The fix I've been testing today solves this problem, exhibits small progressions in 2 of our test files and doesn't break any of the others.

I want to sort out the pointless tiny movements tomorrow, and will commit the fix then.

Well found by the way, this was a very subtle bug, though I strongly suspect the increasing use of CIDFonts will result in more files like this, so its good to get this fixed now.

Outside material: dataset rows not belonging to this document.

lemma trunc_approx_tendsto: "(\<lambda>n. trunc_approx P z (B n) x) \<longlonglongrightarrow> \<pi> x"
proof -
  have pos: "0 < \<pi> z" by (rule stationary_distribution_pos[OF stationary])
  have "\<forall>\<^sub>F n in sequentially. {x} \<subseteq> B n"
    by (rule eventually_subset_incseq[OF incseq_B exhausting]) simp
  then have "\<forall>\<^sub>F n in sequentially. trunc_occupation P z (B n) x / (\<Sum>y\<in>B n. trunc_occupation P z (B n) y)
      = trunc_approx P z (B n) x"
    by eventually_elim (simp add: trunc_approx_eq_trunc_occupation finite_B z_in_B)
  moreover have "(\<lambda>n. trunc_occupation P z (B n) x / (\<Sum>y\<in>B n. trunc_occupation P z (B n) y))
      \<longlonglongrightarrow> (\<pi> x / \<pi> z) / (1 / \<pi> z)"
    using pos by (intro tendsto_divide trunc_occupation_tendsto sum_trunc_occupation_tendsto) simp
  ultimately show ?thesis using pos by (simp add: tendsto_cong)
qed

end

theorem proposition1:
  fixes P :: "'a::countable \<Rightarrow> 'a \<Rightarrow> real"
    and \<pi> :: "'a \<Rightarrow> real"
    and z :: 'a
    and A :: "nat \<Rightarrow> 'a set"
  assumes "stochastic_matrix P"
    and "irreducible_chain P"
    and "positive_recurrent_chain P"
    and "stationary_distribution P \<pi>"
    and "\<And>n. n \<ge> 1 \<Longrightarrow> finite (A n)"
    and "z \<in> A 1"
    and "\<And>n. n \<ge> 1 \<Longrightarrow> A n \<subseteq> A (Suc n)"
    and "(\<Union>n\<in>{1..}. A n) = UNIV"
  shows "\<forall>x. (\<lambda>n. trunc_approx P z (A n) x) \<longlonglongrightarrow> \<pi> x"
proof -
  have "x \<in> (\<Union>n. A (Suc n))" for x
  proof -
    obtain m where "m \<ge> 1" "x \<in> A m" using assms(8) by blast
    then show ?thesis by (intro UN_I[of "m - 1"]) auto
  qed
  then have "(\<Union>n. A (Suc n)) = UNIV" by blast
  then interpret truncation_sequence P \<pi> z "\<lambda>n. A (Suc n)"
    using assms(1-4,6) by unfold_locales (auto intro!: assms(5) incseq_SucI assms(7))
  show ?thesis
    using trunc_approx_tendsto filterlim_sequentially_Suc by blast
qed
(* There is a constant $C>0$ such that for all $n\ge 2$ and $D\ge 1$ there exist a deterministic distributed algorithm and, for every graph $G$ of size $n$ and diameter $D$, an advice assignment of size at most $C\,n\log n$, under which the algorithm accomplishes labeled topology recognition in $G$ within time $D$.
   Context: Graphs are finite, simple, undirected, connected, with no node labels; at each node of degree $d$ the incident edges carry distinct port numbers $0,\dots,d-1$ (no coherence between endpoints). Isomorphism is a bijection of nodes preserving edges and port numbers at both endpoints. Size = number of nodes; $\log$ is base 2. Communication model (LOCAL): synchronous rounds, all nodes start simultaneously; in each round every node may send arbitrary messages to all neighbours, receives their messages (knowing the arrival port), and performs arbitrary local computation. Initially a node knows only its degree and its advice. Advice: an oracle knowing the graph assigns each node a binary string; the size of advice is the maximum string length. All nodes run the same deterministic algorithm. Labeled topology recognition: all nodes output the same port-labeled graph $H$ with distinct node labels and each node its own label, such that some isomorphism $G\to H$ maps every node to the node carrying the label it output. Time is the number of rounds until all nodes have output. *)

theory Defs
  imports Complex_Main
begin

text \<open>Nodes are a finite set of naturals (node names are invisible
to the algorithm; for an output graph H they serve as the distinct node labels).
pg_nbr G v p is the neighbour of v reached through port p (for p < pg_deg G v).\<close>

record pgraph =
  pg_nodes :: "nat set"
  pg_deg   :: "nat \<Rightarrow> nat"
  pg_nbr   :: "nat \<Rightarrow> nat \<Rightarrow> nat"

definition adj_rel :: "pgraph \<Rightarrow> (nat \<times> nat) set" where
  "adj_rel G = {(u, v). u \<in> pg_nodes G \<and> (\<exists>p < pg_deg G u. pg_nbr G u p = v)}"

definition pg_dist :: "pgraph \<Rightarrow> nat \<Rightarrow> nat \<Rightarrow> nat" where
  "pg_dist G u v = (LEAST k. (u, v) \<in> adj_rel G ^^ k)"

definition pg_connected :: "pgraph \<Rightarrow> bool" where
  "pg_connected G \<longleftrightarrow> (\<forall>u\<in>pg_nodes G. \<forall>v\<in>pg_nodes G. (u, v) \<in> (adj_rel G)\<^sup>*)"

definition diameter :: "pgraph \<Rightarrow> nat" where
  "diameter G = Max {pg_dist G u v | u v. u \<in> pg_nodes G \<and> v \<in> pg_nodes G}"

text \<open>Finite, simple, undirected, connected graph with a valid port numbering:
ports 0..deg v - 1 at v lead to distinct neighbours (no loops, no multi-edges),
and every edge is seen from both endpoints.\<close>
definition pgraph_ok :: "pgraph \<Rightarrow> bool" where
  "pgraph_ok G \<longleftrightarrow>
     finite (pg_nodes G) \<and>
     (\<forall>v\<in>pg_nodes G. \<forall>p < pg_deg G v.
        pg_nbr G v p \<in> pg_nodes G \<and> pg_nbr G v p \<noteq> v \<and>
        (\<exists>q < pg_deg G (pg_nbr G v p). pg_nbr G (pg_nbr G v p) q = v)) \<and>
     (\<forall>v\<in>pg_nodes G. inj_on (pg_nbr G v) {..<pg_deg G v}) \<and>
     pg_connected G"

Comment 9 Ken Sharp 2013-04-09 14:19:10 UTC
commit f7567c53867f01e9dd33a1f882bb489dc765b869 fixes the actual underlying problem here, if you plan to incorporate this and build Ghostscript then I would also reccomend that you take commit 5f5524b1f2ab76aff70b2b4a896b9474bdfb9501 as well as this results in a small but significant (~5%) decrease in file size and a slightly improved match with the original file.
Comment 10 freecorvette 2013-04-23 07:17:21 UTC
Confirming that the patch fixes the original issue. Thanks so much for looking into this and fixing it so fast!